### Data for review
:::

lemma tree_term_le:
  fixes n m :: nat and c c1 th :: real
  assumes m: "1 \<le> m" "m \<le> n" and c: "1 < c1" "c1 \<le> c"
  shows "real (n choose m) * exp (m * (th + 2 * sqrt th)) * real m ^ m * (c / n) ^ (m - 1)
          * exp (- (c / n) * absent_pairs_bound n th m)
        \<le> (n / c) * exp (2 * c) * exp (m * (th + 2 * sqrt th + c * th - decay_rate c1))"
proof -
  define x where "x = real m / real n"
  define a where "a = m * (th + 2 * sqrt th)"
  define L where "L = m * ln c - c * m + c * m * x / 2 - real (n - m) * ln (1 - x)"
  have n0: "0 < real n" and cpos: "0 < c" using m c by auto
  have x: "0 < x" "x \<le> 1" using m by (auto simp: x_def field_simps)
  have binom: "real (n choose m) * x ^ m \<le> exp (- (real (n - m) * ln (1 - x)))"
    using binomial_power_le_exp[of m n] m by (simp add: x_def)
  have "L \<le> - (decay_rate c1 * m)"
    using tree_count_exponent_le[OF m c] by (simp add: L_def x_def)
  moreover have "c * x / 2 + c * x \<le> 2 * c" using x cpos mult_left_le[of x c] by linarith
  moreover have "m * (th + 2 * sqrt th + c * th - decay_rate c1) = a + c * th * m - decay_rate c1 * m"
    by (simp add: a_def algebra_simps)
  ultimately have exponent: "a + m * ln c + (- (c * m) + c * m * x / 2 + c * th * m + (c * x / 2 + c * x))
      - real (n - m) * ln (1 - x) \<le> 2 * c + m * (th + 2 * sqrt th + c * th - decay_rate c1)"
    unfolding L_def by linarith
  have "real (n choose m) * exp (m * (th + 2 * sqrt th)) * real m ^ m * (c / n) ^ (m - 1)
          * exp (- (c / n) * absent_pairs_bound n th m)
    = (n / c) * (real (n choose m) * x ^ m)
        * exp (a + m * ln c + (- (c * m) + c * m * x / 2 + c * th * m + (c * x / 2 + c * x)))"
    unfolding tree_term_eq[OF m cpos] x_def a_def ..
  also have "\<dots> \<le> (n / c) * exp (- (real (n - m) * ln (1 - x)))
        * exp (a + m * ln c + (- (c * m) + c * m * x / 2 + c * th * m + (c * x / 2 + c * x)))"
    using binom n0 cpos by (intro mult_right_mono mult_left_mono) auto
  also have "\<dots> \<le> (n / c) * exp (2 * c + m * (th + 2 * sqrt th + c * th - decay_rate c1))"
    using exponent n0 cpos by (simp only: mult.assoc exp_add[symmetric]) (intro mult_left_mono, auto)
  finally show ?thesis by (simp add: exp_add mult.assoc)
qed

:::

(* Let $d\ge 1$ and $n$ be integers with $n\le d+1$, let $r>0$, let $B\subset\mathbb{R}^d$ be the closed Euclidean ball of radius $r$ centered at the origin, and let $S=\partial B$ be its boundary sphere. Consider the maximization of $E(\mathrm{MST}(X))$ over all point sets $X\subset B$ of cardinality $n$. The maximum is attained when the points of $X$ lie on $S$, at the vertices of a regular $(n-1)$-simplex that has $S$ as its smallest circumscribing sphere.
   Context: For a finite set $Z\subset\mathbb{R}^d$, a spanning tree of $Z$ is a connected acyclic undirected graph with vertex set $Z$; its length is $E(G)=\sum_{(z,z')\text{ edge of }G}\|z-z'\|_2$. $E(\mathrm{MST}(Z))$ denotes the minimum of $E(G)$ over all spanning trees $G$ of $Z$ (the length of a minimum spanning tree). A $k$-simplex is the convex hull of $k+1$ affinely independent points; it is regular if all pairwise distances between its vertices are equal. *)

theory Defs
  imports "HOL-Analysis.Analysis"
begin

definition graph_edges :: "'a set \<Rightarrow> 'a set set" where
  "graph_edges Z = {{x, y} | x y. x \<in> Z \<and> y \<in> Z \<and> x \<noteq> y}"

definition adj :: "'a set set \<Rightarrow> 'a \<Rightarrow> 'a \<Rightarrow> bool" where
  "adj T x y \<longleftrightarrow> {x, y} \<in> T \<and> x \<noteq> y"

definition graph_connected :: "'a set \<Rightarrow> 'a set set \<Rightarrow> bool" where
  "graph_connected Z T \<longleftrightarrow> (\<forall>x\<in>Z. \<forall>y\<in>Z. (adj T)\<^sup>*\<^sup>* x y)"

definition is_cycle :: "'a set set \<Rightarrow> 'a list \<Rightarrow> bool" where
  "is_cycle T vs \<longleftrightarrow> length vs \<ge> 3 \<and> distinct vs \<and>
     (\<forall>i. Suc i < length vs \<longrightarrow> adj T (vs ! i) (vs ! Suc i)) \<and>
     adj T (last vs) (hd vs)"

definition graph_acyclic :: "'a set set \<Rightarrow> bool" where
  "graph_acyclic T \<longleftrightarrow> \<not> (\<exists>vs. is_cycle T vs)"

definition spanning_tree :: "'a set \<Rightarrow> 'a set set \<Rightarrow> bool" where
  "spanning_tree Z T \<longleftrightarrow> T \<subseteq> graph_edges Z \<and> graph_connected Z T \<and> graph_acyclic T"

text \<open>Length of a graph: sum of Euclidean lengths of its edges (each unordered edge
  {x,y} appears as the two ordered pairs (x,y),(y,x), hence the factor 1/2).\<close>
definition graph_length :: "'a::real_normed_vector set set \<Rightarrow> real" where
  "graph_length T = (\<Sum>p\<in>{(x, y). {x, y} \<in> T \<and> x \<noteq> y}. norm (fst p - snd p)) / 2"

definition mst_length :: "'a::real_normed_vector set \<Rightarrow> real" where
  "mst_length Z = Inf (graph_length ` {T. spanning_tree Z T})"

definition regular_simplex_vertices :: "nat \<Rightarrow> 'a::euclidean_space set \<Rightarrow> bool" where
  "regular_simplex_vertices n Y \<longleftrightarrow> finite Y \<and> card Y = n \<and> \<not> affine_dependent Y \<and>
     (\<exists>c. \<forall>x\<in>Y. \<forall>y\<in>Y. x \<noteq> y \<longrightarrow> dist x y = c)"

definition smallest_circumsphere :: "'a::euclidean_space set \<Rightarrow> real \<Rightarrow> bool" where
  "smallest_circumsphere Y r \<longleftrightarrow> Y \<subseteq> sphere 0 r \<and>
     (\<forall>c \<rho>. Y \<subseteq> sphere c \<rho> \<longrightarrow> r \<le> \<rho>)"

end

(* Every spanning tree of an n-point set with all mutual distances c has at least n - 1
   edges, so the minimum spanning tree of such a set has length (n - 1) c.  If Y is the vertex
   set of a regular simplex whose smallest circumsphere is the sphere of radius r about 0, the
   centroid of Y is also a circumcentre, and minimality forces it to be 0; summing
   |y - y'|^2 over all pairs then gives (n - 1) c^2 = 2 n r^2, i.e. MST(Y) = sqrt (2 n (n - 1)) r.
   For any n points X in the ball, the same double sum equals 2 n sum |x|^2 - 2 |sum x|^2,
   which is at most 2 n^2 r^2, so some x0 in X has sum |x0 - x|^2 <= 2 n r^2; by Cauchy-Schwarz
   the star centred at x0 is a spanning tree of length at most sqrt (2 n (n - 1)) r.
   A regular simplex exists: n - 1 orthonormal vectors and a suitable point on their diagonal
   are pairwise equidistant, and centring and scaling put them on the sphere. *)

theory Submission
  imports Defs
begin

:::

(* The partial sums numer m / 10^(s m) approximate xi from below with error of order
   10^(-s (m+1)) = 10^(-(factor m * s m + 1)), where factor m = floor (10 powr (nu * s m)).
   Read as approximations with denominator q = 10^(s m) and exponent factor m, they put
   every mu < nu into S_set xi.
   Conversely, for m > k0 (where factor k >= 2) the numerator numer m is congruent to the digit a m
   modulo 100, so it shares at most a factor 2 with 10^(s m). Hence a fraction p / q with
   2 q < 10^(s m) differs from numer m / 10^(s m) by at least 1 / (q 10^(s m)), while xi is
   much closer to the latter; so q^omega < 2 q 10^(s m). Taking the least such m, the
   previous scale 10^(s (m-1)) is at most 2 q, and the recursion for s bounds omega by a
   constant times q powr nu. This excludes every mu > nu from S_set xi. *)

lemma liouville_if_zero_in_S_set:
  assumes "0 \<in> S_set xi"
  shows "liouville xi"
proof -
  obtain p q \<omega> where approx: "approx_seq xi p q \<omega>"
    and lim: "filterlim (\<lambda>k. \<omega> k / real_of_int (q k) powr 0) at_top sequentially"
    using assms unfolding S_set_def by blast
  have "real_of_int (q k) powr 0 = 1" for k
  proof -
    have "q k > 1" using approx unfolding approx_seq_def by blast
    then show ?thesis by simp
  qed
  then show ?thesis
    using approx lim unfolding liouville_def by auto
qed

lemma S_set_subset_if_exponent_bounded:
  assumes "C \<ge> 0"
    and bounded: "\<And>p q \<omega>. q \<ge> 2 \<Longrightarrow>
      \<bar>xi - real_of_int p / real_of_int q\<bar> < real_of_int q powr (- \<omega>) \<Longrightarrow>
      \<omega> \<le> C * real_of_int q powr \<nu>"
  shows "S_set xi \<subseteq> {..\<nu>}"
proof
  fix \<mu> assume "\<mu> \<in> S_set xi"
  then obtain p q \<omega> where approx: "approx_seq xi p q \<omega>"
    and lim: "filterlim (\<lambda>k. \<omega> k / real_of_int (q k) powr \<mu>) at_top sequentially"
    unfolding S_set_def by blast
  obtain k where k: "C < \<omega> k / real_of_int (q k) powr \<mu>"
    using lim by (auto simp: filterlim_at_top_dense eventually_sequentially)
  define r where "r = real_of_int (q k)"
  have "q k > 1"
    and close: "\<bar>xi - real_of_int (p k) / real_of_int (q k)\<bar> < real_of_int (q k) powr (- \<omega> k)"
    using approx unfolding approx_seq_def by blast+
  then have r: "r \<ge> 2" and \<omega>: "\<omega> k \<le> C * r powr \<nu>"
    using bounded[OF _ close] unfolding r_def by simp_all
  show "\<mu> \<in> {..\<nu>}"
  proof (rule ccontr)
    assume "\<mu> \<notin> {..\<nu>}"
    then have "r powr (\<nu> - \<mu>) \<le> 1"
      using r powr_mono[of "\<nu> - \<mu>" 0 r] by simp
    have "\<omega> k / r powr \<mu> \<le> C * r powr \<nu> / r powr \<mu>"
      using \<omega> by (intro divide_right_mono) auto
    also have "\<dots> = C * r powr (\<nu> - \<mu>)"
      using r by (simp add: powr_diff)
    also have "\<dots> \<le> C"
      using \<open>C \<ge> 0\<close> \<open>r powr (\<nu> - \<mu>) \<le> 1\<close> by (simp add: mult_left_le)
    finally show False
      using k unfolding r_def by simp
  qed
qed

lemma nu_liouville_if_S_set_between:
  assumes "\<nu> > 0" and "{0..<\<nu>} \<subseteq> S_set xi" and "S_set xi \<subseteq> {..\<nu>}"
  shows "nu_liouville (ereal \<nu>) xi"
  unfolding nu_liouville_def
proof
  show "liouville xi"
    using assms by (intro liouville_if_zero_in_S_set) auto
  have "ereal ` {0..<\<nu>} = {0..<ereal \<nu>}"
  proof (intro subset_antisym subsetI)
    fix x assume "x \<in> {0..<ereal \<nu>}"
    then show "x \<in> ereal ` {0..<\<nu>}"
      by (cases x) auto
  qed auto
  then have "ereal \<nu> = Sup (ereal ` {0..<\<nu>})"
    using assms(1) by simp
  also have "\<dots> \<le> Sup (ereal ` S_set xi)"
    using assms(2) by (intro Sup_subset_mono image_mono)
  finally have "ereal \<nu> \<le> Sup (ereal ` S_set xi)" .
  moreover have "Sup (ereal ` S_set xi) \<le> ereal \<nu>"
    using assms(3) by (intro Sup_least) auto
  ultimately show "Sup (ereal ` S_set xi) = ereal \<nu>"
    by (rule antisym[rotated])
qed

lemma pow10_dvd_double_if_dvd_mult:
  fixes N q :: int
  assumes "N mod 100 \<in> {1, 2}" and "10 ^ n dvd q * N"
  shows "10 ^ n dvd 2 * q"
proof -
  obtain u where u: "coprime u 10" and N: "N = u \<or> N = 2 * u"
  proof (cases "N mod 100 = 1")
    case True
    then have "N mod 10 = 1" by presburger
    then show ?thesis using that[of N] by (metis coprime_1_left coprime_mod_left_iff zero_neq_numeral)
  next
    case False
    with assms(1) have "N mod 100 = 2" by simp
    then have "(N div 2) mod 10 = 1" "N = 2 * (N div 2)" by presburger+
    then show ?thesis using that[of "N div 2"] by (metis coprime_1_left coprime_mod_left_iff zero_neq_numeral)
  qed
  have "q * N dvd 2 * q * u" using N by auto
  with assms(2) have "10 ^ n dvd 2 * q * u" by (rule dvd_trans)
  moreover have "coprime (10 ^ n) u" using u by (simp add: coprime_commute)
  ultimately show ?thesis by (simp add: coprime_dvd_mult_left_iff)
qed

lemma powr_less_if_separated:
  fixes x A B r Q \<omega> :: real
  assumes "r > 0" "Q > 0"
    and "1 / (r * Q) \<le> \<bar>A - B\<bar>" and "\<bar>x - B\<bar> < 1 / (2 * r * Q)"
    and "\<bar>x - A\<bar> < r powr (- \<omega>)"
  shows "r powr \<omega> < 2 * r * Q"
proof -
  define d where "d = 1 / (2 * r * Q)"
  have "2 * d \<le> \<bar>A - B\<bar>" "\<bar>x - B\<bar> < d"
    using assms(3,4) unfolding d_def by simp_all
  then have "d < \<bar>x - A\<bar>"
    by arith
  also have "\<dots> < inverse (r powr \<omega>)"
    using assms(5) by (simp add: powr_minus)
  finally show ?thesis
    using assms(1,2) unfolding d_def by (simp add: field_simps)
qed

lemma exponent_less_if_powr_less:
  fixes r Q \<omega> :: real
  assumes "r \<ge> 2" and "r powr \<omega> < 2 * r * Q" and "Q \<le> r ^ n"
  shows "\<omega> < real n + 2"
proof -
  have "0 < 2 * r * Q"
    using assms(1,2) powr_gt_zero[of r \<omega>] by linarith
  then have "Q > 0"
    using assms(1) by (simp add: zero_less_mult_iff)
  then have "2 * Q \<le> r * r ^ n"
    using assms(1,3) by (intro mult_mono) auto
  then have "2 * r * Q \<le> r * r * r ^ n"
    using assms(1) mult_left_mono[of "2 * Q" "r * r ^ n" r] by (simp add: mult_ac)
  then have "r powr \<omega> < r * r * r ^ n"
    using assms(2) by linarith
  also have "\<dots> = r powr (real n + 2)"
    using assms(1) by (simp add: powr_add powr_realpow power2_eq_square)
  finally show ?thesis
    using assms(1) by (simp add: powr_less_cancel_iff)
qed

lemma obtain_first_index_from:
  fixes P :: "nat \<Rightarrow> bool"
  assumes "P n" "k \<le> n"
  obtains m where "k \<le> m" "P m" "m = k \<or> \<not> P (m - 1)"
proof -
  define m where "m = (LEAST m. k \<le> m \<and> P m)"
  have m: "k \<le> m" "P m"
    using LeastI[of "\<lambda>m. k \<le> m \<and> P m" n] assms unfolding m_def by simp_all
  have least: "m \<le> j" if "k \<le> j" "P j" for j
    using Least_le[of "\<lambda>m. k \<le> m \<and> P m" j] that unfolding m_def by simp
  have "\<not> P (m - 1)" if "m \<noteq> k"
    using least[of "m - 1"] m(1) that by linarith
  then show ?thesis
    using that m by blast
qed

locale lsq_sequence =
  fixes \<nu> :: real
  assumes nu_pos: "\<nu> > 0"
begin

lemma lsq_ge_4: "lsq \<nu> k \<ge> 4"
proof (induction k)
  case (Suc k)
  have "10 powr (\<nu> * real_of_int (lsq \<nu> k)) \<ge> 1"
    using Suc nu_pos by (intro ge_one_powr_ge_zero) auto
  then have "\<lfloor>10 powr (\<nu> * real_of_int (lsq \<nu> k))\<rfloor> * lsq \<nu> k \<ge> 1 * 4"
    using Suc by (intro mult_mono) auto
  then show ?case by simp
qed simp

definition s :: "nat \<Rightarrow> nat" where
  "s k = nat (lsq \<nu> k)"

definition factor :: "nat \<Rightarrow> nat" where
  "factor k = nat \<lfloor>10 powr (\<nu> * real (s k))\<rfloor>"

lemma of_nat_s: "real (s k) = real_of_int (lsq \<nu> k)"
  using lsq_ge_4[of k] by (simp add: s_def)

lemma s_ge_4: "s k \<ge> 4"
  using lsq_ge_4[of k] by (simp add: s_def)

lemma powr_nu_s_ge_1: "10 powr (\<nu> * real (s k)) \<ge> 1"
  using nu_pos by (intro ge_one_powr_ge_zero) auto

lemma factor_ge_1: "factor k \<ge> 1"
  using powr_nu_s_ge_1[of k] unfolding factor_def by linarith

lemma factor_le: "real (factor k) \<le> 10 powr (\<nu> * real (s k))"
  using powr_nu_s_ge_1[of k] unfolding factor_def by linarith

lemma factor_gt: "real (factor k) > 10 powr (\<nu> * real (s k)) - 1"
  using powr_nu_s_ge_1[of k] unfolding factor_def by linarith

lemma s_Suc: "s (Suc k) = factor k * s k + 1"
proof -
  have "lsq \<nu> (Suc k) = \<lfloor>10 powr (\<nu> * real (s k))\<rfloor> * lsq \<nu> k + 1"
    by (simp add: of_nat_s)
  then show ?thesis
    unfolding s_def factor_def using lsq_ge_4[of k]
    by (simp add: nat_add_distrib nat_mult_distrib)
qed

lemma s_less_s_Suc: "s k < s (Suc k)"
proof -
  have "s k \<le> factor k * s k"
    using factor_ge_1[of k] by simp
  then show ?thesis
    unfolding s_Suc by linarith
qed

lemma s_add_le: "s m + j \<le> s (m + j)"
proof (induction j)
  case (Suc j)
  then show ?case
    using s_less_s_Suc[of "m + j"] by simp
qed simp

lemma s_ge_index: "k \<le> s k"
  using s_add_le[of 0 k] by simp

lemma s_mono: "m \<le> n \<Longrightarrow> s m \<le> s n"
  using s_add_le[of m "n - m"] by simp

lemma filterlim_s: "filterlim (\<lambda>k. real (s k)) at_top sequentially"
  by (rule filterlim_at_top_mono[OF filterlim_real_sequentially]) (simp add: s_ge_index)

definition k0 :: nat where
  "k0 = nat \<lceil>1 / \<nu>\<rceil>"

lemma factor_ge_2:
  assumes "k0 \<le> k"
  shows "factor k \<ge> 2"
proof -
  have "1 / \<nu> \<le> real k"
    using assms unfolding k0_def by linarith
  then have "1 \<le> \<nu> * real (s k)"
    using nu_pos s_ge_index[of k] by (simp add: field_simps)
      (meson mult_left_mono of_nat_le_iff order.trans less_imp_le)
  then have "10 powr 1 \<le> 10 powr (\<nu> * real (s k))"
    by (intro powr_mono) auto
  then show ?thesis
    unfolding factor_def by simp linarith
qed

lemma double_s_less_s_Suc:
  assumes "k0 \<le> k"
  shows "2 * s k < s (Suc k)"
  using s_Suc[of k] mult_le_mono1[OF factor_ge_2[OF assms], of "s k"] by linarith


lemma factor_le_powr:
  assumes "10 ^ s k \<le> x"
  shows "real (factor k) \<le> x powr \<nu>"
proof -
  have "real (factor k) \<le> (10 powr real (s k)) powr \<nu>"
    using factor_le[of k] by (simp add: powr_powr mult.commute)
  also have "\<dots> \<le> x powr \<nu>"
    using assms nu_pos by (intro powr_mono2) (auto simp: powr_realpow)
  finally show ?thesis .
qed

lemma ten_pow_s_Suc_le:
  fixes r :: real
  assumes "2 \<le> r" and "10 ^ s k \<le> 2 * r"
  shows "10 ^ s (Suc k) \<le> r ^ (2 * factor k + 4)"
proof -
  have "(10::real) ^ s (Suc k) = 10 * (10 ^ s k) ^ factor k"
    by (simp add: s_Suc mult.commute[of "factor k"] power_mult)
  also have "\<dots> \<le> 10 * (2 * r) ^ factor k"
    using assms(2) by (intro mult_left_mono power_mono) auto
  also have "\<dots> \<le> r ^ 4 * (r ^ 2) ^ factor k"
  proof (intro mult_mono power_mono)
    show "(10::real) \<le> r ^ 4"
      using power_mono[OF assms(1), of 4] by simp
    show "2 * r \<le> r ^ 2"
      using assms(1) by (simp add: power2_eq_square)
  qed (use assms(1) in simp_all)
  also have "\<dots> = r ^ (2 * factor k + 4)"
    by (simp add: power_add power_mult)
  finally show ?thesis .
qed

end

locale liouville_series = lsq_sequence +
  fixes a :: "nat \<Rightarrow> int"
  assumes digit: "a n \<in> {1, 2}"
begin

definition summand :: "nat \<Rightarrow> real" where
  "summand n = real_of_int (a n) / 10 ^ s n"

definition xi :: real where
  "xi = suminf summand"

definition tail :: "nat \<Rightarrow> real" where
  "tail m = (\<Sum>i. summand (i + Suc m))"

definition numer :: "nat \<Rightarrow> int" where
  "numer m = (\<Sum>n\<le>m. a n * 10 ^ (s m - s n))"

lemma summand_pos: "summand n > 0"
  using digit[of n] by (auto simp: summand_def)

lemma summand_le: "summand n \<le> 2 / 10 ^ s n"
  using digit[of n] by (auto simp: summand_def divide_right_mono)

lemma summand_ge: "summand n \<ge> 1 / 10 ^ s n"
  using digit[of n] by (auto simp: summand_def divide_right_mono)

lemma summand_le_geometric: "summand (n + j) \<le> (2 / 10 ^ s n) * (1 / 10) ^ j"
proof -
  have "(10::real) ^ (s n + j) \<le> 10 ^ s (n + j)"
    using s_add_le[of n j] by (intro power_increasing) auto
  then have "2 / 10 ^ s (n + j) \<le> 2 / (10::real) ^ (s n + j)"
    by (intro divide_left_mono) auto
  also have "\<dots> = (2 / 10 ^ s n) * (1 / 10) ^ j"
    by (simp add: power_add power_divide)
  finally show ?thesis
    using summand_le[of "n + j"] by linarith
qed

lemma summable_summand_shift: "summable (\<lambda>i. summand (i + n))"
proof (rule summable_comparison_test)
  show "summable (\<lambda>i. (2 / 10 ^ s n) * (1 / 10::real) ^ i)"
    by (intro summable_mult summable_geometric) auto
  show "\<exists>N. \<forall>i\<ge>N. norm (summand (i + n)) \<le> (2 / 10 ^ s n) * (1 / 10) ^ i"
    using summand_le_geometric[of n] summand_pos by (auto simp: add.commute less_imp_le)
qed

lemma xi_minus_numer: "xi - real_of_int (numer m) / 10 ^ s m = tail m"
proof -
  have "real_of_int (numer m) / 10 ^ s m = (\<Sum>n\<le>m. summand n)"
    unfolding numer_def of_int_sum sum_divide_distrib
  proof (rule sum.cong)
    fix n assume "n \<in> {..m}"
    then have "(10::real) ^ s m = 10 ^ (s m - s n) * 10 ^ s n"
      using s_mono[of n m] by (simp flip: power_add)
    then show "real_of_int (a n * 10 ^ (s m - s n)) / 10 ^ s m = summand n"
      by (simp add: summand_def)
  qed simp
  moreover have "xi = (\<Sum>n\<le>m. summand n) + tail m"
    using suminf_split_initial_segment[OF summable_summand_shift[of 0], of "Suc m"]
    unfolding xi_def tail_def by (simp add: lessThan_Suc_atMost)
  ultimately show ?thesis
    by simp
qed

:::

### What to do
The answer must be every line of the records that holds the string "mathrm".

### Written solution
(* Let $d\ge 1$ and $n$ be integers with $n\le d+1$, let $r>0$, let $B\subset\mathbb{R}^d$ be the closed Euclidean ball of radius $r$ centered at the origin, and let $S=\partial B$ be its boundary sphere. Consider the maximization of $E(\mathrm{MST}(X))$ over all point sets $X\subset B$ of cardinality $n$. The maximum is attained when the points of $X$ lie on $S$, at the vertices of a regular $(n-1)$-simplex that has $S$ as its smallest circumscribing sphere.
   Context: For a finite set $Z\subset\mathbb{R}^d$, a spanning tree of $Z$ is a connected acyclic undirected graph with vertex set $Z$; its length is $E(G)=\sum_{(z,z')\text{ edge of }G}\|z-z'\|_2$. $E(\mathrm{MST}(Z))$ denotes the minimum of $E(G)$ over all spanning trees $G$ of $Z$ (the length of a minimum spanning tree). A $k$-simplex is the convex hull of $k+1$ affinely independent points; it is regular if all pairwise distances between its vertices are equal. *)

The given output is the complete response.